Department of Statistics and Finance, University of Science and Technology of China, Anhui, Hefei, China.
Comput Biol Chem. 2011 Feb;35(1):40-9. doi: 10.1016/j.compbiolchem.2010.12.006. Epub 2011 Jan 22.
Affected relatives are essential for pedigree linkage analysis, however, they cause a violation of the independent sample assumption in case-control association studies. To avoid the correlation between samples, a common practice is to take only one affected sample per pedigree in association analysis. Although several methods exist in handling correlated samples, they are still not widely used in part because these are not easily implemented, or because they are not widely known. We advocate the effective sample size method as a simple and accessible approach for case-control association analysis with correlated samples. This method modifies the chi-square test statistic, p-value, and 95% confidence interval of the odds-ratio by replacing the apparent number of allele or genotype counts with the effective ones in the standard formula, without the need for specialized computer programs. We present a simple formula for calculating effective sample size for many types of relative pairs and relative sets. For allele frequency estimation, the effective sample size method captures the variance inflation exactly. For genotype frequency, simulations showed that effective sample size provides a satisfactory approximation. A gene which is previously identified as a type 1 diabetes susceptibility locus, the interferon-induced helicase gene (IFIH1), is shown to be significantly associated with rheumatoid arthritis when the effective sample size method is applied. This significant association is not established if only one affected sib per pedigree were used in the association analysis. Relationship between the effective sample size method and other methods - the generalized estimation equation, variance of eigenvalues for correlation matrices, and genomic controls - are discussed.

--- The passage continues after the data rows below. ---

(* Let $M$ be a smooth $n$-manifold with a torsion-free linear connection $\nabla$ and a symmetric $(0,2)$-tensor field $c$, and let $\overline{g}_{\nabla,c}$ be the modified Riemannian extension on $T^{\ast}M$. Let $\widetilde{\nabla}$ be the unique linear connection on $T^{\ast}M$ satisfying $\widetilde{\nabla}\,\overline{g}_{\nabla,c}=0$ whose torsion $\widetilde{T}$ is given in the adapted frame by $\widetilde{T}(E_i,E_j)=-p_sR_{ijr}^{\ \ \ s}E_{\overline{r}}$ and $\widetilde{T}(E_i,E_{\overline{j}})=\widetilde{T}(E_{\overline{i}},E_j)=\widetilde{T}(E_{\overline{i}},E_{\overline{j}})=0$. Then, with respect to the adapted frame, $$\widetilde{\nabla}_{E_{\overline{i}}}E_{\overline{j}}=0,\quad \widetilde{\nabla}_{E_{\overline{i}}}E_{j}=0,\quad \widetilde{\nabla}_{E_{i}}E_{\overline{j}}=-\Gamma^{j}_{ih}E_{\overline{h}},$$ $$\widetilde{\nabla}_{E_{i}}E_{j}=\Gamma^{h}_{ij}E_{h}+\tfrac12\left(\nabla_i c_{jh}+\nabla_j c_{ih}-\nabla_h c_{ij}\right)E_{\overline{h}}.$$
   Context: Summation convention; indices $h,i,j,\dots$ range over $1,\dots,n$ and $\overline{i}=n+i$. $\Gamma^h_{ij}$ are the coefficients of $\nabla$ in local coordinates $(x^i)$ on $M$, i.e. $\nabla_{\partial_i}\partial_j=\Gamma^h_{ij}\partial_h$. The curvature is $R(X,Y)Z=\nabla_X\nabla_YZ-\nabla_Y\nabla_XZ-\nabla_{[X,Y]}Z$ with $R(\partial_i,\partial_j)\partial_k=R_{ijk}^{\ \ \ h}\partial_h$. $c_{ij}$ are the components of $c$ and $\nabla_ic_{jk}$ those of $\nabla c$. On $T^{\ast}M$ use induced coordinates $(x^i,p_i)$, where $p_i$ are the components of a covector with respect to $dx^i$; write $\partial_{\overline{i}}=\partial/\partial p_i$. The adapted frame is $E_j=\partial_j+p_a\Gamma^a_{hj}\partial_{\overline{h}}$, $E_{\overline{j}}=\partial_{\overline{j}}$. The modified Riemannian extension $\overline{g}_{\nabla,c}$ is the pseudo-Riemannian metric on $T^{\ast}M$ given by $\overline{g}_{\nabla,c}(E_i,E_j)=c_{ij}$, $\overline{g}_{\nabla,c}(E_i,E_{\overline{j}})=\overline{g}_{\nabla,c}(E_{\overline{j}},E_i)=\delta_i^j$, $\overline{g}_{\nabla,c}(E_{\overline{i}},E_{\overline{j}})=0$. (A metric linear connection with prescribed torsion is unique.) *)

theory Defs
  imports "HOL-Analysis.Analysis"
begin

text \<open>A coordinate chart of M is an open set U of real^'n
  (n = CARD('n)).  T*M over U is {z :: real^('n+'n). base z \<in> U}, where
  z $ Inl i = x^i and z $ Inr i = p_i; so index Inl i is i and Inr i is the barred index.
  Vector fields are given by their components in the coordinate frame (d_A).\<close>

definition pd :: "'i::finite \<Rightarrow> (real^'i \<Rightarrow> real) \<Rightarrow> real^'i \<Rightarrow> real" where
  "pd A f z = deriv (\<lambda>t. f (z + t *\<^sub>R axis A 1)) 0"

fun iter_pd :: "'i::finite list \<Rightarrow> (real^'i \<Rightarrow> real) \<Rightarrow> real^'i \<Rightarrow> real" where
  "iter_pd [] f = f"
| "iter_pd (A # as) f = pd A (iter_pd as f)"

受影响的亲属对于家系连锁分析至关重要,但在病例对照关联研究中,他们会导致违反独立样本假设。为了避免样本之间的相关性,通常在关联分析中,每个家系仅采用一个受影响的样本。尽管存在几种处理相关样本的方法,但它们仍未被广泛使用,部分原因是这些方法不易实施,或者因为它们不广为人知。我们提倡使用有效样本量方法,作为处理相关样本的病例对照关联分析的一种简单易行的方法。该方法通过用标准公式中的有效计数替代明显的等位基因或基因型计数来修改卡方检验统计量、p 值和优势比的 95%置信区间,而无需专门的计算机程序。我们提出了一种简单的公式,用于计算许多类型的相对对和相对集合的有效样本量。对于等位基因频率估计,有效样本量方法可以准确捕捉方差膨胀。对于基因型频率,模拟结果表明,有效样本量提供了令人满意的近似值。先前被确定为 1 型糖尿病易感基因座的干扰素诱导解旋酶基因 (IFIH1),在应用有效样本量方法时,与类风湿关节炎显著相关。如果在关联分析中每个家系仅采用一个受影响的同胞,那么这种显著关联就不会建立。讨论了有效样本量方法与其他方法(广义估计方程、相关矩阵特征值的方差和基因组控制)之间的关系。